(Collected data entries)
━━━━━━━━━━

lemma walk_gdist: "x \<in> V \<Longrightarrow> y \<in> V \<Longrightarrow> walk V E x y (gdist V E x y)"
proof -
  assume "x \<in> V" "y \<in> V"
  then obtain xs where xs: "path_in V E xs" "hd xs = x" "last xs = y"
    using connected by (auto simp: connected_graph_def)
  then have "xs \<noteq> []"
    by (simp add: path_in_def)
  let ?P = "\<lambda>n. \<exists>xs. path_in V E xs \<and> hd xs = x \<and> last xs = y \<and> length xs = Suc n"
  from xs \<open>xs \<noteq> []\<close> have "?P (length xs - 1)"
    by (intro exI[of _ xs]) auto
  then have "?P (gdist V E x y)"
    unfolding gdist_def by (rule LeastI)
  then show ?thesis
    using path_in_imp_walk by fastforce
qed

lemma gdist_le_walk: "walk V E x y n \<Longrightarrow> gdist V E x y \<le> n"
proof -
  assume "walk V E x y n"
  then obtain xs where xs: "path_in V E xs" "hd xs = x" "last xs = y" "length xs \<le> Suc n"
    using walk_imp_path_in by metis
  then obtain m where m: "length xs = Suc m"
    by (cases xs) (auto simp: path_in_def)
  have "gdist V E x y \<le> m"
    unfolding gdist_def by (rule Least_le) (use xs m in blast)
  with m xs show ?thesis
    by simp
qed

lemma gdist_sym: "x \<in> V \<Longrightarrow> y \<in> V \<Longrightarrow> gdist V E x y = gdist V E y x"
  using gdist_le_walk walk_gdist walk_rev edge_sym by (metis le_antisym)

lemma gdist_triangle:
  "x \<in> V \<Longrightarrow> y \<in> V \<Longrightarrow> z \<in> V \<Longrightarrow> gdist V E x z \<le> gdist V E x y + gdist V E y z"
  using gdist_le_walk walk_gdist walk_append by metis

lemma gdist_edge: "E x y \<Longrightarrow> gdist V E x y = 1"
proof -
  assume e: "E x y"
  then have "gdist V E x y \<le> 1"
    using gdist_le_walk walk_edge edge_in_V by metis
  moreover have "gdist V E x y \<noteq> 0"
  proof
    assume "gdist V E x y = 0"
    then have "walk V E x y 0"
      using walk_gdist edge_in_V e by metis
    with e edge_irrefl show False
      using walk_zero_eq by metis
  qed
  ultimately show ?thesis
    by simp
qed
lemma dim_kernel_halves:
  assumes W: "vec.subspace W"
    and inv1: "\<forall>x\<in>W. act x v \<in> W" and inv2: "\<forall>x\<in>W. act x w \<in> W"
    and vv: "bilin g v v = 0" and vw: "bilin g v w = 1"
  shows "vec.dim W = 2 * vec.dim {x\<in>W. act x v = 0}"
proof -
  define K where "K = {x\<in>W. act x v = 0}"
  define T where "T = (\<lambda>x. act x w) ` K"
  have sK: "vec.subspace K"
    unfolding K_def vec.subspace_def using W
    by (auto simp: gamma_act_add_spinor gamma_act_scale_spinor
        intro: vec.subspace_0 vec.subspace_add vec.subspace_scale)
  have sT: "vec.subspace T"
    unfolding T_def by (rule vec.linear_subspace_image[OF linear_gamma_act_spinor sK])
  have key: "act (act x v) w = (-2) *s x - act (act x w) v" for x
    using act_act_swap[of x v w] vw by simp
  have "inj_on (\<lambda>x. act x w) K"
  proof (rule inj_onI)
    fix x y assume x: "x \<in> K" and y: "y \<in> K" and e: "act x w = act y w"
    have "act (x - y) w = 0" using e by (simp add: gamma_act_diff_spinor)
    moreover have "act (x - y) v = 0" using vec.subspace_diff[OF sK x y] by (simp add: K_def)
    ultimately have "(-2) *s (x - y) = 0" using key[of "x - y"] by simp
    then show "x = y" by (simp add: vec.scale_eq_0_iff)
  qed
  moreover have "vec.span K = K" using sK by simp
  ultimately have dT: "vec.dim T = vec.dim K"
    unfolding T_def by (metis vec.dim_image_eq[OF linear_gamma_act_spinor])
  have "K \<inter> T \<subseteq> {0}"
  proof
    fix y assume "y \<in> K \<inter> T"
    then obtain x where x: "x \<in> K" and y: "y = act x w" "act y v = 0" unfolding T_def K_def by auto
    have "act (act x v) w = 0" using x by (simp add: K_def)
    then have "(-2) *s x = 0" using key[of x] y by simp
    then show "y \<in> {0}" using y by (simp add: vec.scale_eq_0_iff)
  qed
  then have "vec.dim (K \<inter> T) = 0" using vec.dim_eq_0 by blast
  moreover have "vec.dim W + vec.dim (K \<inter> T) = vec.dim K + vec.dim T"
    using vec.dim_sums_Int[OF sK sT] kernel_plus_image_eq[OF assms] unfolding K_def T_def by simp
  ultimately show ?thesis unfolding K_def[symmetric] using dT by linarith
qed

━━━━━━━━━━

■ **ASSIGNMENT**
Among the lines above, some may include the string "with"; state how many, and nothing more.

■ **EXPECTED ANSWER**
2